Costa Rica Travel Diary: Day 19

Wed Aug 23

Today we woke up to heavy rain so we decided to forego our plans to hike Poas Volcano and La Paz Waterfall Gardens. We had a relaxing morning and did some laundry. We decided to try coconut milk in our coffee- it added a nice velvety creaminess with a hint of nutty sweetness. James went for a run when there was a break in the rain. Later it completely cleared up so we decided to do a coffee tour. Costa Rica is well known for their coffee as they have an ideal climate and fertile volcanic soil. We decided to go to Hacienda Alsacia, about a 40 minute drive away, through mountain greenery and small towns. 

On our way, we stopped at a soda called Comidas Chitos. James had an Imperial lager (the national beer found throughout Costa Rica), while I had a papaya milkshake. Feeling a tad hungry, we shared an order of chifrijo. Chifrijo is a typical bar snack that is commonly found throughout Costa Rica.
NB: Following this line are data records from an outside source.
lemma four_block_mat_antidiag_pow_even:
  fixes U V :: "'a :: semiring_1 mat"
  assumes U: "U \<in> carrier_mat n n" and V: "V \<in> carrier_mat n n"
  shows "four_block_mat (0\<^sub>m n n) U V (0\<^sub>m n n) ^\<^sub>m (2 * k)
       = four_block_mat ((U * V) ^\<^sub>m k) (0\<^sub>m n n) (0\<^sub>m n n) ((V * U) ^\<^sub>m k)"
proof (induction k)
  case 0
  then show ?case using U V by (simp flip: four_block_one_mat)
next
  case (Suc k)
  let ?P = "four_block_mat (0\<^sub>m n n) U V (0\<^sub>m n n)"
  have P: "?P \<in> carrier_mat (n + n) (n + n)" using U V by simp
  have "?P ^\<^sub>m (2 * Suc k) = ?P ^\<^sub>m (2 * k) * (?P * ?P)"
    using P by (simp add: assoc_mult_mat[OF pow_carrier_mat[OF P] P P])
  also have "?P ^\<^sub>m (2 * k) = four_block_mat ((U * V) ^\<^sub>m k) (0\<^sub>m n n) (0\<^sub>m n n) ((V * U) ^\<^sub>m k)"
    by (rule Suc.IH)
  also have "?P * ?P = four_block_mat (U * V) (0\<^sub>m n n) (0\<^sub>m n n) (V * U)"
    using U V by (simp add: mult_four_block_mat[OF zero_carrier_mat U V zero_carrier_mat
        zero_carrier_mat U V zero_carrier_mat])
  also have "four_block_mat ((U * V) ^\<^sub>m k) (0\<^sub>m n n) (0\<^sub>m n n) ((V * U) ^\<^sub>m k) * \<dots>
      = four_block_mat ((U * V) ^\<^sub>m Suc k) (0\<^sub>m n n) (0\<^sub>m n n) ((V * U) ^\<^sub>m Suc k)"
    using U V by (simp add: mult_four_block_mat[OF pow_carrier_mat zero_carrier_mat
        zero_carrier_mat pow_carrier_mat mult_carrier_mat zero_carrier_mat zero_carrier_mat
        mult_carrier_mat] mult_carrier_mat[OF pow_carrier_mat mult_carrier_mat])
  finally show ?case .
qed

lemma spectral_radius_mult_le_four_block_antidiag:
  fixes U V :: "complex mat"
  assumes U: "U \<in> carrier_mat n n" and V: "V \<in> carrier_mat n n" and n: "n > 0"
  shows "spectral_radius (V * U) \<le> spectral_radius (four_block_mat (0\<^sub>m n n) U V (0\<^sub>m n n)) ^ 2"
proof (rule spectral_radius_le_if_power_bounds)
  let ?P = "four_block_mat (0\<^sub>m n n) U V (0\<^sub>m n n)"
  have P: "?P \<in> carrier_mat (n + n) (n + n)" using U V by simp
  fix s assume s: "spectral_radius ?P ^ 2 < s"
  have "0 \<le> spectral_radius ?P" using spectral_radius_nonneg[OF P] n by simp
  with s have "spectral_radius ?P < sqrt s" and "s \<ge> 0"
    using real_less_rsqrt by (auto intro: order_trans[OF zero_le_power2 less_imp_le])
  then obtain c where c: "\<And>k. norm_bound (?P ^\<^sub>m k) (c * sqrt s ^ k)"
    using power_bound_if_spectral_radius_less[OF P] n by auto
  have "norm_bound ((V * U) ^\<^sub>m k) (c * s ^ k)" for k
  proof
    fix i j assume "i < dim_row ((V * U) ^\<^sub>m k)" "j < dim_col ((V * U) ^\<^sub>m k)"
    then have ij: "i < n" "j < n" using V U by (auto split: if_splits)
    have "(?P ^\<^sub>m (2 * k)) $$ (n + i, n + j) = ((V * U) ^\<^sub>m k) $$ (i, j)"
      using U V ij by (simp add: four_block_mat_antidiag_pow_even)
    moreover have "cmod ((?P ^\<^sub>m (2 * k)) $$ (n + i, n + j)) \<le> c * sqrt s ^ (2 * k)"
      using c[of "2 * k"] ij P unfolding norm_bound_def by simp
    ultimately show "cmod (((V * U) ^\<^sub>m k) $$ (i, j)) \<le> c * s ^ k"
      using \<open>s \<ge> 0\<close> by (simp add: power_mult)
  qed
  then show "\<exists>c. \<forall>k. norm_bound ((V * U) ^\<^sub>m k) (c * s ^ k)" by blast
qed (use U V n in auto)

lemma two_step_iteration_matrix_factorization:
  fixes A M F Mi Fi :: "complex mat"
  assumes A: "A \<in> carrier_mat n n" and M: "M \<in> carrier_mat n n" and F: "F \<in> carrier_mat n n"
    and Mi: "Mi \<in> carrier_mat n n" and Fi: "Fi \<in> carrier_mat n n"
    and M_inv: "M * Mi = 1\<^sub>m n" and F_inv: "Fi * F = 1\<^sub>m n"
  shows "1\<^sub>m n - Fi * (M + F - A) * Mi * A = (1\<^sub>m n - Fi * A) * (1\<^sub>m n - Mi * A)"
proof -
  have C: "1\<^sub>m n - Fi * A \<in> carrier_mat n n" using A Fi by (simp add: minus_carrier_mat)
  have "Fi * (M + F - A) = Fi * M + Fi * F - Fi * A"
    using A M F Fi by (simp add: mult_minus_distrib_mat[of _ n n _ n] mult_add_distrib_mat[of _ n n _ n])
  then have "Fi * (M + F - A) * Mi = Fi * M * Mi + Fi * F * Mi - Fi * A * Mi"
    using A M F Mi Fi
    by (simp add: add_mult_distrib_mat[of _ n n _ _ n] minus_mult_distrib_mat[of _ n n _ _ n])
  also have "\<dots> = Fi + Mi - Fi * A * Mi"
    using A M F Mi Fi M_inv F_inv by (simp add: assoc_mult_mat[of Fi n n M n Mi n])
  finally have lhs: "Fi * (M + F - A) * Mi * A = Fi * A + Mi * A - Fi * A * (Mi * A)"
    using A Mi Fi
    by (simp add: add_mult_distrib_mat[of _ n n _ _ n] minus_mult_distrib_mat[of _ n n _ _ n]
        assoc_mult_mat[of _ n n _ n _ n])
  have "(1\<^sub>m n - Fi * A) * (1\<^sub>m n - Mi * A) = 1\<^sub>m n - Fi * A - (1\<^sub>m n - Fi * A) * (Mi * A)"
    using mult_minus_distrib_mat[OF C one_carrier_mat] A Mi C by simp
  also have "(1\<^sub>m n - Fi * A) * (Mi * A) = Mi * A - Fi * A * (Mi * A)"
    using A Mi Fi by (simp add: minus_mult_distrib_mat[of _ n n _ _ n])
  finally show ?thesis
    unfolding lhs using A Mi Fi by (intro eq_matI) auto
qed

theorem proposition1:
  fixes A M F Mi Fi :: "complex mat" and n :: nat
  assumes A: "A \<in> carrier_mat n n"
    and M: "M \<in> carrier_mat n n" and F: "F \<in> carrier_mat n n"
    and Mi: "Mi \<in> carrier_mat n n" and Fi: "Fi \<in> carrier_mat n n"
    and M_inv: "M * Mi = 1\<^sub>m n" "Mi * M = 1\<^sub>m n"
    and F_inv: "F * Fi = 1\<^sub>m n" "Fi * F = 1\<^sub>m n"
    and rho_Q: "spectral_radius (abs_mat (four_block_mat (0\<^sub>m n n) (1\<^sub>m n - Mi * A)
                                                   (1\<^sub>m n - Fi * A) (0\<^sub>m n n))) < 1"
  shows "spectral_radius (abs_mat (1\<^sub>m n - Fi * (M + F - A) * Mi * A)) < 1"
proof (cases "n = 0")
  case True
  have "1\<^sub>m n - Fi * (M + F - A) * Mi * A \<in> carrier_mat n n"
    and "four_block_mat (0\<^sub>m n n) (1\<^sub>m n - Mi * A) (1\<^sub>m n - Fi * A) (0\<^sub>m n n) \<in> carrier_mat (n + n) (n + n)"
    using A M F Mi Fi by (auto intro!: minus_carrier_mat mult_carrier_mat add_carrier_mat)
  then show ?thesis
    using rho_Q True by (simp add: spectral_radius_carrier_mat_0)
next
  case False
  define B where "B = 1\<^sub>m n - Mi * A"
  define C where "C = 1\<^sub>m n - Fi * A"
  define Q where "Q = four_block_mat (0\<^sub>m n n) B C (0\<^sub>m n n)"
  have B: "B \<in> carrier_mat n n" and C: "C \<in> carrier_mat n n"
    unfolding B_def C_def using A Mi Fi by (simp_all add: minus_carrier_mat)
  have Q: "abs_mat Q \<in> carrier_mat (n + n) (n + n)" unfolding Q_def using B C by simp
  have rho_Q': "spectral_radius (abs_mat Q) < 1" using rho_Q unfolding Q_def B_def C_def .
  have "1\<^sub>m n - Fi * (M + F - A) * Mi * A = C * B"
    unfolding B_def C_def by (rule two_step_iteration_matrix_factorization[OF A M F Mi Fi M_inv(1) F_inv(2)])
  moreover have "spectral_radius (abs_mat (C * B)) \<le> spectral_radius (abs_mat C * abs_mat B)"
  proof (rule spectral_radius_mono)
    show "abs_le_mat (abs_mat (C * B)) (abs_mat C * abs_mat B)"
      unfolding abs_le_mat_abs_mat_iff using B C by (intro abs_le_mat_mult abs_le_mat_abs_mat) simp
  qed (use B C in auto)
  also have "\<dots> \<le> spectral_radius (abs_mat Q) ^ 2"
    using spectral_radius_mult_le_four_block_antidiag[of "abs_mat B" n "abs_mat C"] B C False
    unfolding Q_def by (simp add: abs_mat_four_block_mat[OF zero_carrier_mat B C zero_carrier_mat])
  also have "\<dots> < 1"
    using rho_Q' spectral_radius_nonneg[OF Q] False by (simp add: power_less_one_iff)
  finally show ?thesis by simp
qed
end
There are layers of flavors and textures, and each place adds their own twist. Ours consisted of brothy rice and red beans, pico de gallo, chicharrones, avocado, fresh tortilla chips, and a squeeze of lime over top.

This dish was AMAZING. We have really enjoyed the food and ingredients in Costa Rica, but up until now, no specific cultural dish really stood out to us. Casados are good, but they aren’t exciting. They are basically a homestyle combo plate of different sides and a meat. The ceviche is fresh and tasty here, but you can find ceviche in other cuisines, it’s not really unique to Costa Rica. But chifrijo! I’ve never had anything like it, and the combination of hot and cold ingredients just works. Normally, I don’t like Spanish chicharrones as I find them to be too fatty and chewy for my liking. I don’t like the Mexican ones either since they are basically crisp fried pork fat/skin. But Costa Rican chicharrones are a whole other story!These chicharrones were so meaty, tender and crisp, with very little fat. I think the fat must have melted out through the cooking process, adding flavor to the pork but not a heavy mouthfeel. All together with the cozy rice and beans and the bright fresh pico, it was truly a dish that hit every note and satisfied every craving. I’m so glad we didn’t miss out on trying chifrijo

We continued on to Hacienda Alsacia. It is the only coffee farm in the world that Starbucks actually owns (bought in 2013). Normally Starbucks is a coffee buyer, not a producer. Even though they own this coffee plantation and are completely involved in the production process, Starbucks only takes 5% of the coffee yield. The other 95% can be sold to whoever Hacienda Alsacia chooses. There is a gorgeous Starbucks cafe on the premises, overlooking part of the farm and a waterfall.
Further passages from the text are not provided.